You could just write the entire data structure directly to disk by using serialization (e.g. in Java). However, you might be forced to read the entire object back into memory in order to access its elements. If this is not practical, then you could consider using a random access file to store the elements of the hash table. Instead of using a pointer to represent the next element in the chain, you would just use the byte position in the file.
Ditch the pointers for indices.
This is a bit similar to constructing an on-disk DAWG, which I did a while back. What made that so very sweet was that it could be loaded directly with mmap instead reading the file. If the hash-space is manageable, say 216 or 224 entries, then I think I would do something like this:
Keep a list of free indices. (if the table is empty, each chain-index would point at the next index.)
When chaining is needed use the free space in the table.
If you need to put something in an index that's occupied by a squatter (overflow from elsewhere) :
record the index (let's call it N)
swap the new element and the squatter
put the squatter in a new free index, (F).
follow the chain on the squatter's hash index, to replace N with F.
If you completely run out of free indices, you probably need a bigger table, but you can cope a little longer by using mremap to create extra room after the table.

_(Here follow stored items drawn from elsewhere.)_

(* Let $\Delta$ be a pure simplicial complex of dimension $m-1\ge2$ whose clique decomposition $\Delta=\Delta_1\cup\cdots\cup\Delta_r$ satisfies conditions (i) and (ii), and such that each clique $\Delta_i$ is a single $(m-1)$-simplex. Then: (a) if $\Delta$ is closed, then $J_\Delta$ is generated by a regular sequence; (b) for every finite simple graph $G$ and every integer $m\ge|V(G)|$ (with $m\ge 3$), there exists a closed pure $(m-1)$-dimensional simplicial complex $\Delta$ satisfying (i) and (ii), each of whose cliques is a single $(m-1)$-simplex, with $G_\Delta\cong G$; (c) if $\dim\Delta+1$ is greater than or equal to the number of facets of $\Delta$, then $\Delta$ is closed.
   Context: Let $K$ be a field, $X=(x_{ij})$ an $m\times n$ matrix of indeterminates, $S=K[X]$, and $\Delta$ a pure $(m-1)$-dimensional simplicial complex on $[n]$. For $1\le a_1<\dots<a_m\le n$, $[a_1\ldots a_m]$ is the maximal minor with columns $a_1,\dots,a_m$; $J_\Delta=(\mu_F : F\in\mathcal{F}(\Delta))$ with $\mu_F=[a_1\ldots a_m]$ for a facet $F=\{a_1<\dots<a_m\}$. Clique decomposition: let $\mathcal{S}$ be the set of simplices $\Gamma$ with vertices in $[n]$, $\dim\Gamma\ge m-1$, whose $(m-1)$-skeleton is contained in $\Delta$; the maximal elements $\Gamma_1,\dots,\Gamma_r$ of $\mathcal{S}$ give the cliques $\Delta_i=\Gamma_i^{(m-1)}$, $\Delta=\Delta_1\cup\cdots\cup\Delta_r$; $V(\Delta_i)$ is the vertex set of $\Delta_i$. Conditions: (i) $|V(\Delta_i)\cap V(\Delta_j)|\le1$ for all $i<j$; (ii) $V(\Delta_i)\cap V(\Delta_j)\cap V(\Delta_k)=\emptyset$ for all $i<j<k$. $G_\Delta$ is the simple graph on vertices $v_1,\dots,v_r$ with an edge $\{v_i,v_j\}$ ($i\ne j$) iff $V(\Delta_i)\cap V(\Delta_j)\ne\emptyset$. $\Delta$ is closed with respect to a labeling of its vertices by $[n]$ if for any two facets $F=\{a_1<\dots<a_m\}$, $G=\{b_1<\dots<b_m\}$ with $a_i=b_i$ for some $i$, every $m$-subset of $F\cup G$ is a facet of $\Delta$; $\Delta$ is closed if some labeling makes it closed (in (a), $J_\Delta$ is formed with respect to such a labeling). *)

theory Defs
  imports "HOL-Library.Poly_Mapping" "HOL-Combinatorics.Permutations"
begin

text \<open>The ring S = K[X] of the paper is
  the subring of polynomials all of whose variables lie in [m] x [n].\<close>

type_synonym 'a mpoly = "((nat \<times> nat) \<Rightarrow>\<^sub>0 nat) \<Rightarrow>\<^sub>0 'a"

definition xvar :: "nat \<Rightarrow> nat \<Rightarrow> 'a::comm_ring_1 mpoly" where
  "xvar i j = Poly_Mapping.single (Poly_Mapping.single (i, j) 1) 1"

definition polyring :: "nat \<Rightarrow> nat \<Rightarrow> 'a::comm_ring_1 mpoly set" where
  "polyring m n = {p :: 'a mpoly. \<forall>mon \<in> Poly_Mapping.keys p. Poly_Mapping.keys mon \<subseteq> ({1..m} \<times> {1..n})}"

definition ideal_gen :: "'a::comm_ring_1 set \<Rightarrow> 'a set \<Rightarrow> 'a set" where
  "ideal_gen R A = {p. \<exists>c. (\<forall>a\<in>A. c a \<in> R) \<and> p = (\<Sum>a\<in>A. c a * a)}"

definition regular_sequence :: "'a::comm_ring_1 set \<Rightarrow> 'a list \<Rightarrow> bool" where
  "regular_sequence R fs \<longleftrightarrow>
     set fs \<subseteq> R \<and> ideal_gen R (set fs) \<noteq> R \<and>
     (\<forall>i < length fs. \<forall>g \<in> R.
        g * fs ! i \<in> ideal_gen R (set (take i fs)) \<longrightarrow> g \<in> ideal_gen R (set (take i fs)))"

text \<open>Maximal minor [a_1 ... a_m] of the m x n matrix X = (x_ij), columns F = {a_1<...<a_m}.\<close>
definition maxminor :: "nat \<Rightarrow> nat set \<Rightarrow> 'a::comm_ring_1 mpoly" where
  "maxminor m F = (let a = sorted_list_of_set F in
     \<Sum>\<sigma> \<in> {\<sigma>. \<sigma> permutes {0..<m}}. of_int (sign \<sigma>) * (\<Prod>i<m. xvar (Suc i) (a ! \<sigma> i)))"

definition J_Delta :: "nat \<Rightarrow> nat \<Rightarrow> nat set set \<Rightarrow> 'a::comm_ring_1 mpoly set" where
  "J_Delta m n Fs = ideal_gen (polyring m n) (maxminor m ` Fs)"
lemma recip_sum_ge:
  assumes e: "0 < e" "e \<le> 1/100"
  shows "1 / x_star - 1 - 13 * e \<le> recip_sum e"
proof -
  define n where "n = grid_last e"
  have n: "1 \<le> n" "x_star \<le> 1 - grid e n" "1 - grid e n < x_star + e"
    using grid_last_bounds[OF e(1)] e(2) unfolding n_def by auto
  have "2 \<le> 1 / (1 - grid e 1)" using e by (simp add: grid_def field_simps)
  moreover have "ln (1 - grid e 1) - ln (1 - grid e n) \<le> (\<Sum>k=2..n. e / (1 - grid e k))"
    using n x_star_ge e by (intro ln_le_sum_grid_recip) auto
  moreover have "ln (1/2) - ln (1/2 - e) \<le> e / (1/2 - e)"
    using ln_diff_bounds(2)[of e "1/2"] e by simp
  moreover have "e / (1/2 - e) \<le> 3 * e" using e by (simp add: field_simps)
  moreover have "ln (1 - grid e n) \<le> ln (x_star + e)" using n x_star_ge by simp
  moreover have "ln (x_star + e) - ln x_star \<le> e / x_star"
    using ln_diff_bounds(2)[of e "x_star + e"] e x_star_ge by simp
  moreover have "e / x_star \<le> 10 * e" using e x_star_ge by (simp add: field_simps)
  moreover have "1 - grid e 1 = 1/2 - e" by (simp add: grid_def)
  ultimately show ?thesis
    using ln_x_star unfolding recip_sum_def n_def[symmetric] by (simp add: ln_div)
qed

section \<open>Lower bound\<close>

lemma LP_feasible_nonneg:
  assumes "0 < real B" "LP_feasible e B c a N0 N"
  shows "0 \<le> a"
proof -
  have "0 \<le> N0 + (\<Sum>x\<in>S_eps e. N x)"
    using assms(2) unfolding LP_feasible_def by (simp add: sum_nonneg)
  also have "\<dots> \<le> a * real B" using assms(2) unfolding LP_feasible_def by blast
  finally show ?thesis using assms(1) by (simp add: zero_le_mult_iff)
qed
lemma higson_oscillationE:
  assumes "higson f" "e > 0" "R > 0"
  obtains F where "finite F"
    "\<And>x y. x \<notin> F \<Longrightarrow> y \<notin> F \<Longrightarrow> dist x y < R \<Longrightarrow> cmod (f x - f y) < e"
proof -
  obtain F where "finite F" "\<forall>x y. x \<notin> F \<and> y \<notin> F \<and> dist x y < R \<longrightarrow> cmod (f x - f y) < e"
    using assms unfolding higson_def by blast
  then show thesis using that by blast
qed

lemma higson_const: "higson (\<lambda>x::'a::metric_space. c)"
  by (rule higsonI[of _ "cmod c"]) auto

lemma higson_add:
  assumes f: "higson f" and g: "higson g"
  shows "higson (\<lambda>x. f x + g x)"
proof -
  obtain B1 B2 where "\<And>x. cmod (f x) \<le> B1" "\<And>x. cmod (g x) \<le> B2"
    using higson_boundedE[OF f] higson_boundedE[OF g] by metis
  then have bounded: "cmod (f x + g x) \<le> B1 + B2" for x
    by (meson add_mono norm_triangle_le)
  have "\<exists>F. finite F \<and> (\<forall>x y. x \<notin> F \<and> y \<notin> F \<and> dist x y < R \<longrightarrow>
      cmod (f x + g x - (f y + g y)) < e)" if "e > 0" "R > 0" for e R
  proof -
    obtain F1 where F1: "finite F1"
      "\<And>x y. x \<notin> F1 \<Longrightarrow> y \<notin> F1 \<Longrightarrow> dist x y < R \<Longrightarrow> cmod (f x - f y) < e/2"
      using higson_oscillationE[OF f half_gt_zero[OF \<open>e > 0\<close>] \<open>R > 0\<close>] by blast
    obtain F2 where F2: "finite F2"
      "\<And>x y. x \<notin> F2 \<Longrightarrow> y \<notin> F2 \<Longrightarrow> dist x y < R \<Longrightarrow> cmod (g x - g y) < e/2"
      using higson_oscillationE[OF g half_gt_zero[OF \<open>e > 0\<close>] \<open>R > 0\<close>] by blast
    have "\<forall>x y. x \<notin> F1 \<union> F2 \<and> y \<notin> F1 \<union> F2 \<and> dist x y < R \<longrightarrow> cmod (f x + g x - (f y + g y)) < e"
    proof (intro allI impI)
      fix x y assume xy: "x \<notin> F1 \<union> F2 \<and> y \<notin> F1 \<union> F2 \<and> dist x y < R"
      have "cmod (f x + g x - (f y + g y)) \<le> cmod (f x - f y) + cmod (g x - g y)"
        by (metis add_diff_add norm_triangle_ineq)
      also have "\<dots> < e/2 + e/2"
        using F1 F2 xy by (intro add_strict_mono) auto
      finally show "cmod (f x + g x - (f y + g y)) < e" by simp
    qed
    with F1(1) F2(1) show ?thesis by (intro exI[of _ "F1 \<union> F2"]) simp
  qed
  with bounded show ?thesis by (rule higsonI)
qed
lemma gibbs_inequality:
  fixes c \<theta> :: "'a \<Rightarrow> real"
  assumes A: "finite A" and c: "\<And>j. j \<in> A \<Longrightarrow> 0 < c j" and \<theta>: "\<And>j. j \<in> A \<Longrightarrow> 0 < \<theta> j"
    and \<theta>_sum: "sum \<theta> A \<le> 1"
  shows "(\<Sum>j\<in>A. c j * ln (\<theta> j)) \<le> (\<Sum>j\<in>A. c j * ln (c j / sum c A))"
proof -
  let ?C = "sum c A"
  have "c j * ln (\<theta> j) - c j * ln (c j / ?C) \<le> ?C * \<theta> j - c j" if j: "j \<in> A" for j
  proof -
    have "c j \<le> ?C" using A c j by (intro member_le_sum) (auto intro: less_imp_le)
    then have C: "0 < ?C" using c[OF j] by simp
    have "c j * ln (\<theta> j) - c j * ln (c j / ?C) = c j * ln (\<theta> j * ?C / c j)"
      using c[OF j] \<theta>[OF j] C by (simp add: ln_div ln_mult_pos algebra_simps)
    also have "\<dots> \<le> c j * (\<theta> j * ?C / c j - 1)"
      using c[OF j] \<theta>[OF j] C by (intro mult_left_mono ln_le_minus_one) auto
    also have "\<dots> = ?C * \<theta> j - c j" using c[OF j] by (simp add: field_simps)
    finally show ?thesis .
  qed
  then have "(\<Sum>j\<in>A. c j * ln (\<theta> j) - c j * ln (c j / ?C)) \<le> (\<Sum>j\<in>A. ?C * \<theta> j - c j)"
    by (rule sum_mono)
  also have "\<dots> = ?C * (sum \<theta> A - 1)"
    by (simp add: sum_subtractf sum_distrib_left[symmetric] right_diff_distrib)
  also have "\<dots> \<le> 0"
    using \<theta>_sum c by (intro mult_nonneg_nonpos sum_nonneg) (auto intro: less_imp_le)
  finally show ?thesis by (simp add: sum_subtractf)
qed

lemma count_list_pos: "x \<in> set xs \<Longrightarrow> 0 < count_list xs x"
  by (metis count_list_0_iff gr0I)

lemma sum_count_list_set: "(\<Sum>x\<in>set xs. real (count_list xs x)) = real (length xs)"
  using sum_count_set[of xs "set xs"] by (simp flip: of_nat_sum)

lemma max_lik_eq:
  fixes xs :: "'a::finite list"
  assumes "xs \<noteq> []"
  shows "max_lik xs = (\<Prod>j\<in>set xs. (real (count_list xs j) / real (length xs)) ^ count_list xs j)"
    (is "_ = ?R")
proof -
  let ?c = "\<lambda>j. real (count_list xs j)" and ?n = "real (length xs)"
  have n: "0 < ?n" using assms by simp
  have R: "0 < ?R" using n by (intro prod_pos) (simp add: count_list_pos)
  have lik: "(\<Prod>t<length xs. \<theta> (xs ! t)) = (\<Prod>j\<in>set xs. \<theta> j ^ count_list xs j)" for \<theta> :: "'a \<Rightarrow> real"
    by (rule prod_nth_eq_prod_count)
  have "(\<Sum>j\<in>UNIV. ?c j) = ?n" using sum_count_set[of xs UNIV] by (simp flip: of_nat_sum)
  then have "(\<lambda>j. ?c j / ?n) \<in> prob_vecs"
    using n by (simp add: prob_vecs_def flip: sum_divide_distrib)
  moreover have "(\<Prod>t<length xs. \<theta> (xs ! t)) \<le> ?R" if \<theta>: "\<theta> \<in> prob_vecs" for \<theta>
  proof (cases "\<forall>j\<in>set xs. 0 < \<theta> j")
    case True
    have "(\<Sum>j\<in>set xs. ?c j * ln (\<theta> j)) \<le> (\<Sum>j\<in>set xs. ?c j * ln (?c j / ?n))"
    proof -
      have "sum \<theta> (set xs) \<le> sum \<theta> UNIV"
        using \<theta> by (intro sum_mono2) (auto simp: prob_vecs_def)
      then have "sum \<theta> (set xs) \<le> 1" using \<theta> by (simp add: prob_vecs_def)
      from gibbs_inequality[of "set xs" ?c \<theta>, OF _ _ _ this] True show ?thesis
        by (simp add: count_list_pos sum_count_list_set)
    qed
    moreover have "ln (\<Prod>j\<in>set xs. \<theta> j ^ count_list xs j) = (\<Sum>j\<in>set xs. ?c j * ln (\<theta> j))"
      using True by (subst ln_prod) (auto simp: ln_realpow)
    moreover have "ln ?R = (\<Sum>j\<in>set xs. ?c j * ln (?c j / ?n))"
      using n by (subst ln_prod) (auto simp: ln_realpow count_list_pos)
    ultimately have "ln (\<Prod>j\<in>set xs. \<theta> j ^ count_list xs j) \<le> ln ?R" by simp
    then show ?thesis unfolding lik using True R by (simp add: prod_pos)
  next
    case False
    then obtain j where "j \<in> set xs" "\<theta> j = 0"
      using \<theta> by (force simp: prob_vecs_def not_less intro: antisym)
    then have "(\<Prod>j\<in>set xs. \<theta> j ^ count_list xs j) = 0" by (auto simp: count_list_pos)
    then show ?thesis unfolding lik using R by linarith
  qed
  ultimately show ?thesis
    unfolding max_lik_def by (intro cSup_eq_maximum) (force simp: lik)+
qed

lemma ln_max_lik:
  fixes xs :: "'a::finite list"
  assumes "xs \<noteq> []"
  shows "ln (max_lik xs) = (\<Sum>j\<in>set xs. real (count_list xs j) * ln (real (count_list xs j)))
    - real (length xs) * ln (real (length xs))"
proof -
  have "ln (max_lik xs) = (\<Sum>j\<in>set xs. real (count_list xs j) * (ln (real (count_list xs j)) - ln (real (length xs))))"
    using assms by (simp add: max_lik_eq ln_prod ln_realpow ln_div count_list_pos)
  also have "\<dots> = (\<Sum>j\<in>set xs. real (count_list xs j) * ln (real (count_list xs j)))
      - real (length xs) * ln (real (length xs))"
    by (simp add: right_diff_distrib sum_subtractf sum_distrib_right[symmetric] sum_count_list_set)
  finally show ?thesis .
qed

This should allow you to mmap and use the table directly, without modification. (scary fast if in the OS cache!) but you have to work with indices instead of pointers. It's pretty spooky to have megabytes available in syscall-round-trip-time, and still have it take up less than that in physical memory, because of paging.
Perhaps DBM could be of use to you.
If your hash table implementation is any good, then just store the hash and each object's data - putting an object into the table shouldn't be expensive given the hash, and not serialising the table or chain directly lets you vary the exact implementation between save and load.